## Task objective:
Of the records that follow, copy only the lines from the line containing "then show ?thesis using" to the line containing "s \<in> borel_measurable", both included, exactly as written.
---------- Material provided
lemma cost_gap_le:
  assumes J_finite: "\<And>h y. J h y < \<infinity>" and "J_star 0 x < \<infinity>"
  shows "enn2real (J_star 0 x) - enn2real (J 0 x)
    \<le> (\<integral>w. (\<Sum>l<H. (if l < (LEAST k. J_star k (w k) \<le> J k (w k)) then 1 else 0) *
          ((\<integral>x'. enn2real (J_min (Suc l) x') \<partial>trans W_star \<phi> \<sigma> (w l) (\<pi> (w l) l))
           - (\<integral>x'. enn2real (J_min (Suc l) x') \<partial>trans W \<phi> \<sigma> (w l) (\<pi> (w l) l))))
        \<partial>true_traj H 0 x)"
proof -
  define stopped where "stopped V l w = (if alive 0 l w then next_value V l (w l) else 0)" for V l w
  have sum_stopped: "stopped_sum (next_value V) 0 w = (\<Sum>l<H. stopped V l w)" for V w
    by (simp add: stopped_sum_def stopped_def atLeast0LessThan)
  have [measurable]: "stopped V l \<in> borel_measurable (true_traj H 0 x)" if "bounded_linear V" for V l
    unfolding stopped_def alive_def measurable_traj_iff[OF bounded_linear_W_star]
    using that bounded_linear_W bounded_linear_W_star by measurable
  have "(\<Sum>l<H. (if l < (LEAST k. J_star k (w k) \<le> J k (w k)) then 1 else 0) *
          ((\<integral>x'. enn2real (J_min (Suc l) x') \<partial>trans W_star \<phi> \<sigma> (w l) (\<pi> (w l) l))
           - (\<integral>x'. enn2real (J_min (Suc l) x') \<partial>trans W \<phi> \<sigma> (w l) (\<pi> (w l) l))))
      = (\<Sum>l<H. enn2real (stopped W_star l w)) - (\<Sum>l<H. enn2real (stopped W l w))" for w
    unfolding sum_subtractf[symmetric]
    by (intro sum.cong) (simp_all add: less_stop_time_iff_alive stopped_def
        integral_J_min_eq_next_value[OF J_finite bounded_linear_W]
        integral_J_min_eq_next_value[OF J_finite bounded_linear_W_star])
  moreover note cost_gap_le_stopped_sums[OF J_finite assms(2), unfolded sum_stopped]
  ultimately show ?thesis
    using bounded_linear_W bounded_linear_W_star
    by (simp add: Bochner_Integration.integral_diff integrable_sum_enn2real integral_sum_enn2real)
qed
lemma conjugate_root_exists:
  assumes sc: "is_separable_closure_of k" and em: "field_embedding F \<phi>" and kF: "k \<subseteq> F"
    and fix_k: "\<And>z. z \<in> k \<Longrightarrow> \<phi> z = z" and m: "is_minpoly F y q"
  shows "\<exists>y'. poly (map_poly \<phi> q) y' = 0"
proof -
  interpret field_embedding F \<phi> by (fact em)
  have q: "poly_over F q" using m by (simp add: is_minpoly_def)
  obtain g e where g: "poly_over k g" "separable_poly g" and e: "poly_over F e" "g = q * e"
    using minpoly_dvd_separable[OF sc kF subfield m] by blast
  have "g = map_poly \<phi> q * map_poly \<phi> e"
    using map_poly_hom_fixed[OF g(1) fix_k] map_poly_hom_mult[OF q e(1)] e(2) by simp
  then have "separable_poly (map_poly \<phi> q)" using separable_poly_dvd[OF g(2)] by (metis dvd_triv_left)
  moreover have "degree (map_poly \<phi> q) > 0"
    using degree_map_poly_hom[OF q] minpoly_degree_pos[OF m] by simp
  ultimately show ?thesis using separable_closure_root[OF sc] by blast
qed

lemma field_embedding_extend_adjoin_sep_closure:
  assumes sc: "is_separable_closure_of k" and em: "field_embedding F \<phi>" and kF: "k \<subseteq> F"
    and fix_k: "\<And>z. z \<in> k \<Longrightarrow> \<phi> z = z"
  shows "\<exists>\<psi>. field_embedding (adjoin F y) \<psi> \<and> (\<forall>z\<in>F. \<psi> z = \<phi> z)"
proof -
  have F: "is_subfield F" using em by (rule field_embedding.subfield)
  obtain g where "g \<noteq> 0" "poly_over k g" "poly g y = 0"
    using separable_closure_algebraic[OF sc, where x = y] by blast
  then have "algebraic_over F y" using poly_over_mono[OF kF] unfolding algebraic_over_def by blast
  then obtain q where m: "is_minpoly F y q" using minpoly_exists by blast
  obtain y' where "poly (map_poly \<phi> q) y' = 0" using conjugate_root_exists[OF sc em kF fix_k m] ..
  from field_embedding_extend_adjoin[OF em m this] show ?thesis by blast
qed
(* Suppose $\mathcal U$ is strongly stable with parameters $b>0$, $q\ge1$ (and $a>0$). Then $\mathcal U$ is $L$-Lipschitz on $\mathcal D^\Delta$, i.e. $|\mathcal U(F_1)-\mathcal U(F_2)|\le L\|F_1-F_2\|$ for all $F_1,F_2\in\mathcal D^\Delta$, with $L=b\bigl(1+\max_{i,j\in\mathbb K}\|F^{(i)}-F^{(j)}\|^{q-1}\bigr)$.
   Context: Let $K\ge1$, $\mathbb K=\{1,\dots,K\}$, and let $F^{(1)},\dots,F^{(K)}$ be distribution functions on $\mathbb R$ (the reward distributions of $K$ arms; arm $i$ produces i.i.d. rewards $X^{(i)}_1,X^{(i)}_2,\dots$ with distribution $F^{(i)}$). Let $\hat F^{(i)}_t(y)=\frac1t\sum_{s=1}^t\mathbf 1\{X^{(i)}_s\le y\}$, and let $\hat{\mathcal D}$ be the set of empirical distribution functions $y\mapsto\frac1t\sum_{s\le t}\mathbf 1\{x_s\le y\}$ of all finite real sequences $x_1,\dots,x_t$, $t\ge1$. $\Delta_{K-1}$ is the probability simplex, $F_p=\sum_ip_iF^{(i)}$, $\mathcal D^\Delta=\{F_p:p\in\Delta_{K-1}\}$. $(L,\|\cdot\|)$ is a Banach space of bounded functions on $\mathbb R$ containing $\mathcal D^\Delta\cup\hat{\mathcal D}$, and $\mathcal U:L\to\mathbb R$. $\mathcal U$ is strongly stable if (1) there exist $b>0,q\ge1$ with $|\mathcal U(F)-\mathcal U(G)|\le b(\|F-G\|+\|F-G\|^q)$ for all $F\in\mathcal D^\Delta$, $G\in\mathcal D^\Delta\cup\hat{\mathcal D}$, and (2) there is $a>0$ with $\mathbb P(\|\hat F^{(i)}_t-F^{(i)}\|\ge x)\le2\exp(-atx^2)$ for all $i$, $x>0$, $t\ge1$. *)

theory Defs
  imports "HOL-Analysis.Analysis" "HOL-Probability.Probability"
begin

definition dist_fun :: "(real \<Rightarrow> real) \<Rightarrow> bool" where
  "dist_fun F \<longleftrightarrow> mono F \<and> (\<forall>x. continuous (at_right x) F)
     \<and> (F \<longlongrightarrow> 0) at_bot \<and> (F \<longlongrightarrow> 1) at_top"

definition prob_simplex :: "nat \<Rightarrow> (nat \<Rightarrow> real) set" where
  "prob_simplex K = {p. (\<forall>i\<in>{1..K}. 0 \<le> p i) \<and> (\<Sum>i=1..K. p i) = 1}"

definition mixture :: "nat \<Rightarrow> (nat \<Rightarrow> real \<Rightarrow> real) \<Rightarrow> (nat \<Rightarrow> real) \<Rightarrow> real \<Rightarrow> real" where
  "mixture K F p = (\<lambda>y. \<Sum>i=1..K. p i * F i y)"

definition mixtures :: "nat \<Rightarrow> (nat \<Rightarrow> real \<Rightarrow> real) \<Rightarrow> (real \<Rightarrow> real) set" where
  "mixtures K F = mixture K F ` prob_simplex K"

definition emp_df :: "(nat \<Rightarrow> real) \<Rightarrow> nat \<Rightarrow> real \<Rightarrow> real" where
  "emp_df x t = (\<lambda>y. (1 / real t) * (\<Sum>s=1..t. if x s \<le> y then 1 else 0))"

definition emp_dfs :: "(real \<Rightarrow> real) set" where
  "emp_dfs = {emp_df x t | x t. t \<ge> 1}"

definition banach_fun_space :: "(real \<Rightarrow> real) set \<Rightarrow> ((real \<Rightarrow> real) \<Rightarrow> real) \<Rightarrow> bool" where
  "banach_fun_space L nrm \<longleftrightarrow>
     (\<forall>f\<in>L. \<exists>B. \<forall>y. \<bar>f y\<bar> \<le> B) \<and>
     (\<lambda>_. 0) \<in> L \<and>
     (\<forall>f\<in>L. \<forall>g\<in>L. (\<lambda>y. f y + g y) \<in> L) \<and>
     (\<forall>f\<in>L. \<forall>c::real. (\<lambda>y. c * f y) \<in> L) \<and>
     (\<forall>f\<in>L. 0 \<le> nrm f \<and> (nrm f = 0 \<longleftrightarrow> f = (\<lambda>_. 0))) \<and>
     (\<forall>f\<in>L. \<forall>g\<in>L. nrm (\<lambda>y. f y + g y) \<le> nrm f + nrm g) \<and>
     (\<forall>f\<in>L. \<forall>c::real. nrm (\<lambda>y. c * f y) = \<bar>c\<bar> * nrm f) \<and>
     (\<forall>u::nat \<Rightarrow> real \<Rightarrow> real. (\<forall>n. u n \<in> L) \<longrightarrow>
        (\<forall>e>0. \<exists>N. \<forall>m\<ge>N. \<forall>n\<ge>N. nrm (\<lambda>y. u m y - u n y) < e) \<longrightarrow>
        (\<exists>f\<in>L. (\<lambda>n. nrm (\<lambda>y. u n y - f y)) \<longlonglongrightarrow> 0))"

text \<open>Real power with the convention 0^0 = 1.\<close>
definition rpow :: "real \<Rightarrow> real \<Rightarrow> real" where
  "rpow x e = (if e = 0 then 1 else x powr e)"

end

theory Submission
  imports Defs
begin

text \<open>Any two mixtures are within distance \<open>D = max\<^sub>i\<^sub>j \<parallel>F\<^sub>i - F\<^sub>j\<parallel>\<close> of each other, because
  \<open>F\<^sub>p - F\<^sub>r = \<Sum>\<^sub>i\<^sub>j p\<^sub>i r\<^sub>j (F\<^sub>i - F\<^sub>j)\<close> is a convex combination of such differences. Hence for
  \<open>d = \<parallel>F1 - F2\<parallel>\<close> the superlinear term of the stability bound satisfies
  \<open>d powr q = d powr (q - 1) * d \<le> D powr (q - 1) * d\<close>, which turns \<open>b (d + d powr q)\<close> into a
  Lipschitz bound.\<close>

lemma
  assumes "banach_fun_space L nrm"
  shows banach_fun_space_add_mem: "f \<in> L \<Longrightarrow> g \<in> L \<Longrightarrow> (\<lambda>y. f y + g y) \<in> L"
    and banach_fun_space_scale_mem: "f \<in> L \<Longrightarrow> (\<lambda>y. c * f y) \<in> L"
    and banach_fun_space_norm_nonneg: "f \<in> L \<Longrightarrow> 0 \<le> nrm f"
    and banach_fun_space_norm_triangle:
      "f \<in> L \<Longrightarrow> g \<in> L \<Longrightarrow> nrm (\<lambda>y. f y + g y) \<le> nrm f + nrm g"
    and banach_fun_space_norm_scale: "f \<in> L \<Longrightarrow> nrm (\<lambda>y. c * f y) = \<bar>c\<bar> * nrm f"
  using assms unfolding banach_fun_space_def by blast+

lemma banach_fun_space_diff_mem:
  assumes L: "banach_fun_space L nrm" and "f \<in> L" "g \<in> L"
  shows "(\<lambda>y. f y - g y) \<in> L"
  using banach_fun_space_add_mem[OF L \<open>f \<in> L\<close> banach_fun_space_scale_mem[OF L \<open>g \<in> L\<close>, of "-1"]]
  by simp

lemma banach_fun_space_sum_mem:
  assumes L: "banach_fun_space L nrm" and "finite S" and "\<forall>k\<in>S. g k \<in> L"
  shows "(\<lambda>y. \<Sum>k\<in>S. g k y) \<in> L"
  using assms(2,3)
proof (induction S rule: finite_induct)
  case empty
  then show ?case using L unfolding banach_fun_space_def by simp
next
  case (insert x S)
  then show ?case using banach_fun_space_add_mem[OF L, of "g x" "\<lambda>y. \<Sum>k\<in>S. g k y"] by simp
qed

lemma banach_fun_space_norm_sum_le:
  assumes L: "banach_fun_space L nrm" and "finite S" and "\<forall>k\<in>S. g k \<in> L"
  shows "nrm (\<lambda>y. \<Sum>k\<in>S. g k y) \<le> (\<Sum>k\<in>S. nrm (g k))"
  using assms(2,3)
proof (induction S rule: finite_induct)
  case empty
  then show ?case using L unfolding banach_fun_space_def by auto
next
  case (insert x S)
  then have "nrm (\<lambda>y. g x y + (\<Sum>k\<in>S. g k y)) \<le> nrm (g x) + nrm (\<lambda>y. \<Sum>k\<in>S. g k y)"
    using banach_fun_space_norm_triangle[OF L] banach_fun_space_sum_mem[OF L insert.hyps(1)]
    by simp
  with insert show ?case by simp
qed

lemma banach_fun_space_norm_convex_comb_le:
  assumes L: "banach_fun_space L nrm" and S: "finite S" and g: "\<forall>k\<in>S. g k \<in> L"
    and w: "\<forall>k\<in>S. 0 \<le> w k" "sum w S = 1" and D: "\<forall>k\<in>S. nrm (g k) \<le> D"
  shows "nrm (\<lambda>y. \<Sum>k\<in>S. w k * g k y) \<le> D"
proof -
  have "nrm (\<lambda>y. \<Sum>k\<in>S. w k * g k y) \<le> (\<Sum>k\<in>S. nrm (\<lambda>y. w k * g k y))"
    using banach_fun_space_norm_sum_le[OF L S] g banach_fun_space_scale_mem[OF L] by simp
  also have "\<dots> = (\<Sum>k\<in>S. w k * nrm (g k))"
    using g w by (intro sum.cong) (simp_all add: banach_fun_space_norm_scale[OF L])
  also have "\<dots> \<le> (\<Sum>k\<in>S. w k * D)"
    using w D by (intro sum_mono mult_left_mono) auto
  also have "\<dots> = D"
    using w by (simp add: sum_distrib_right[symmetric])
  finally show ?thesis .
qed

lemma mixture_unit_vector:
  assumes "i \<in> {1..K}"
  shows "mixture K F (\<lambda>k. if k = i then 1 else 0) = F i"
proof
  fix y
  have "(\<Sum>k=1..K. (if k = i then 1 else 0) * F k y) = (\<Sum>k=1..K. if k = i then F k y else 0)"
    by (rule sum.cong) auto
  then show "mixture K F (\<lambda>k. if k = i then 1 else 0) y = F i y"
    using assms by (simp add: mixture_def)
qed

lemma component_mem_mixtures:
  assumes "i \<in> {1..K}"
  shows "F i \<in> mixtures K F"
proof -
  have "(\<lambda>k. if k = i then 1 else 0) \<in> prob_simplex K"
    using assms unfolding prob_simplex_def by (auto simp: sum.delta)
  then show ?thesis
    unfolding mixtures_def using mixture_unit_vector[OF assms] by (metis image_eqI)
qed

lemma mixture_diff_eq_sum_pairs:
  assumes p: "p \<in> prob_simplex K" and r: "r \<in> prob_simplex K"
  shows "mixture K F p y - mixture K F r y
    = (\<Sum>k\<in>{1..K} \<times> {1..K}. p (fst k) * r (snd k) * (F (fst k) y - F (snd k) y))"
proof -
  have p1: "(\<Sum>i=1..K. p i) = 1" and r1: "(\<Sum>j=1..K. r j) = 1"
    using p r unfolding prob_simplex_def by auto
  have "(\<Sum>k\<in>{1..K} \<times> {1..K}. p (fst k) * r (snd k) * (F (fst k) y - F (snd k) y))
      = (\<Sum>i=1..K. \<Sum>j=1..K. p i * r j * (F i y - F j y))"
    by (simp add: sum.cartesian_product case_prod_beta)
  also have "\<dots> = (\<Sum>i=1..K. \<Sum>j=1..K. p i * F i y * r j) - (\<Sum>i=1..K. \<Sum>j=1..K. p i * (r j * F j y))"
    by (simp add: sum_subtractf algebra_simps)
  also have "\<dots> = (\<Sum>i=1..K. p i * F i y) * (\<Sum>j=1..K. r j) - (\<Sum>i=1..K. p i) * (\<Sum>j=1..K. r j * F j y)"
    by (simp only: sum_product)
  finally show ?thesis
    unfolding mixture_def p1 r1 by simp
qed

lemma norm_mixture_diff_le_component_diff:
  assumes L: "banach_fun_space L nrm" and LD: "mixtures K F \<subseteq> L"
    and p: "p \<in> prob_simplex K" and r: "r \<in> prob_simplex K"
  shows "\<exists>i\<in>{1..K}. \<exists>j\<in>{1..K}.
    nrm (\<lambda>y. mixture K F p y - mixture K F r y) \<le> nrm (\<lambda>y. F i y - F j y)"
proof -
  define P where "P = {1..K} \<times> {1..K}"
  define nf where "nf k = nrm (\<lambda>y. F (fst k) y - F (snd k) y)" for k
  have "K \<noteq> 0"
  proof
    assume "K = 0"
    with p show False by (simp add: prob_simplex_def)
  qed
  then have "finite P" "P \<noteq> {}"
    unfolding P_def by auto
  then obtain k0 where k0: "k0 \<in> P" "\<forall>k\<in>P. nf k \<le> nf k0"
    using Max_in[of "nf ` P"] Max_ge[of "nf ` P"] by fastforce
  have F_mem: "F i \<in> L" if "i \<in> {1..K}" for i
    using component_mem_mixtures[OF that] LD by blast
  have diff_mem: "\<forall>k\<in>P. (\<lambda>y. F (fst k) y - F (snd k) y) \<in> L"
    unfolding P_def by (auto intro!: banach_fun_space_diff_mem[OF L F_mem F_mem])
  have weights_nonneg: "\<forall>k\<in>P. 0 \<le> p (fst k) * r (snd k)"
    using p r unfolding P_def prob_simplex_def by auto
  have "(\<Sum>k\<in>P. p (fst k) * r (snd k)) = (\<Sum>i=1..K. p i) * (\<Sum>j=1..K. r j)"
    unfolding P_def by (simp add: sum_product sum.cartesian_product case_prod_beta)
  then have weights_sum: "(\<Sum>k\<in>P. p (fst k) * r (snd k)) = 1"
    using p r unfolding prob_simplex_def by simp
  have "\<forall>k\<in>P. nrm (\<lambda>y. F (fst k) y - F (snd k) y) \<le> nf k0"
    using k0(2) unfolding nf_def .
  from banach_fun_space_norm_convex_comb_le[OF L \<open>finite P\<close> diff_mem weights_nonneg weights_sum this]
  have "nrm (\<lambda>y. \<Sum>k\<in>P. p (fst k) * r (snd k) * (F (fst k) y - F (snd k) y)) \<le> nf k0" .
  then have "nrm (\<lambda>y. mixture K F p y - mixture K F r y) \<le> nf k0"
    unfolding P_def by (simp only: mixture_diff_eq_sum_pairs[OF p r])
  moreover have "fst k0 \<in> {1..K}" "snd k0 \<in> {1..K}"
    using k0(1) unfolding P_def by auto
  ultimately show ?thesis
    unfolding nf_def by blast
qed

lemma powr_le_rpow_pred_mult:
  fixes d D q :: real
  assumes "0 \<le> d" "d \<le> D" "1 \<le> q"
  shows "d powr q \<le> rpow D (q - 1) * d"
proof (cases "q = 1 \<or> d = 0")
  case True
  then show ?thesis using assms(1) by (auto simp: rpow_def)
next
  case False
  then have "d powr q = d powr (q - 1) * d"
    using assms(1) powr_add[of d "q - 1" 1] by simp
  also have "\<dots> \<le> D powr (q - 1) * d"
    using assms by (intro mult_right_mono powr_mono2) auto
  finally show ?thesis
    using False by (simp add: rpow_def)
qed

theorem lemma15:
  fixes K :: nat
    and F :: "nat \<Rightarrow> real \<Rightarrow> real"
    and L :: "(real \<Rightarrow> real) set"
    and nrm :: "(real \<Rightarrow> real) \<Rightarrow> real"
    and U :: "(real \<Rightarrow> real) \<Rightarrow> real"
    and M :: "'w measure"
    and X :: "nat \<Rightarrow> nat \<Rightarrow> 'w \<Rightarrow> real"
    and a b q :: real
  assumes K: "K \<ge> 1"
    and Fdf: "\<forall>i\<in>{1..K}. dist_fun (F i)"
    and M: "prob_space M"
    and Xrv: "\<forall>i\<in>{1..K}. \<forall>s\<ge>1. X i s \<in> borel_measurable M"
    and Xind: "\<forall>i\<in>{1..K}. prob_space.indep_vars M (\<lambda>_. borel) (X i) {1..}"
    and Xdist: "\<forall>i\<in>{1..K}. \<forall>s\<ge>1. cdf (distr M borel (X i s)) = F i"
    and L: "banach_fun_space L nrm"
    and LD: "mixtures K F \<union> emp_dfs \<subseteq> L"
    and b: "b > 0" and q: "q \<ge> 1" and a: "a > 0"
    and stab1: "\<forall>F1\<in>mixtures K F. \<forall>G\<in>mixtures K F \<union> emp_dfs.
        \<bar>U F1 - U G\<bar> \<le> b * (nrm (\<lambda>y. F1 y - G y) + nrm (\<lambda>y. F1 y - G y) powr q)"
    and stab2: "\<forall>i\<in>{1..K}. \<forall>x>0. \<forall>t\<ge>1.
        measure M {\<omega> \<in> space M. nrm (\<lambda>y. emp_df (\<lambda>s. X i s \<omega>) t y - F i y) \<ge> x}
          \<le> 2 * exp (- a * real t * x\<^sup>2)"
  shows "\<forall>F1\<in>mixtures K F. \<forall>F2\<in>mixtures K F.
           \<bar>U F1 - U F2\<bar> \<le>
             b * (1 + Max {rpow (nrm (\<lambda>y. F i y - F j y)) (q - 1) | i j. i \<in> {1..K} \<and> j \<in> {1..K}})
             * nrm (\<lambda>y. F1 y - F2 y)"
proof (intro ballI)
  fix F1 F2 assume F1: "F1 \<in> mixtures K F" and F2: "F2 \<in> mixtures K F"
  define S where "S = {rpow (nrm (\<lambda>y. F i y - F j y)) (q - 1) | i j. i \<in> {1..K} \<and> j \<in> {1..K}}"
  define d where "d = nrm (\<lambda>y. F1 y - F2 y)"
  have "finite S"
    unfolding S_def by (rule finite_image_set2) simp_all
  obtain p r where "p \<in> prob_simplex K" "r \<in> prob_simplex K"
    and "F1 = mixture K F p" "F2 = mixture K F r"
    using F1 F2 unfolding mixtures_def by blast
  then obtain i j where ij: "i \<in> {1..K}" "j \<in> {1..K}" "d \<le> nrm (\<lambda>y. F i y - F j y)"
    using norm_mixture_diff_le_component_diff[OF L] LD unfolding d_def by blast
  have "0 \<le> d"
    using F1 F2 LD banach_fun_space_diff_mem[OF L] banach_fun_space_norm_nonneg[OF L]
    unfolding d_def by blast
  have "d powr q \<le> rpow (nrm (\<lambda>y. F i y - F j y)) (q - 1) * d"
    using powr_le_rpow_pred_mult[OF \<open>0 \<le> d\<close> ij(3) q] .
  also have "\<dots> \<le> Max S * d"
    using \<open>finite S\<close> ij(1,2) \<open>0 \<le> d\<close> unfolding S_def by (intro mult_right_mono Max_ge) auto
  finally have "b * (d + d powr q) \<le> b * (1 + Max S) * d"
    using b by (simp add: algebra_simps)
  moreover have "\<bar>U F1 - U F2\<bar> \<le> b * (d + d powr q)"
    using stab1 F1 F2 unfolding d_def by blast
  ultimately show "\<bar>U F1 - U F2\<bar> \<le> b * (1 + Max S) * d"
    by linarith
qed

end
--------------------
## Result below:
  then show ?thesis using assms(1) by (auto simp: rpow_def)
next
  case False
  then have "d powr q = d powr (q - 1) * d"
    using assms(1) powr_add[of d "q - 1" 1] by simp
  also have "\<dots> \<le> D powr (q - 1) * d"
    using assms by (intro mult_right_mono powr_mono2) auto
  finally show ?thesis
    using False by (simp add: rpow_def)
qed

theorem lemma15:
  fixes K :: nat
    and F :: "nat \<Rightarrow> real \<Rightarrow> real"
    and L :: "(real \<Rightarrow> real) set"
    and nrm :: "(real \<Rightarrow> real) \<Rightarrow> real"
    and U :: "(real \<Rightarrow> real) \<Rightarrow> real"
    and M :: "'w measure"
    and X :: "nat \<Rightarrow> nat \<Rightarrow> 'w \<Rightarrow> real"
    and a b q :: real
  assumes K: "K \<ge> 1"
    and Fdf: "\<forall>i\<in>{1..K}. dist_fun (F i)"
    and M: "prob_space M"
    and Xrv: "\<forall>i\<in>{1..K}. \<forall>s\<ge>1. X i s \<in> borel_measurable M"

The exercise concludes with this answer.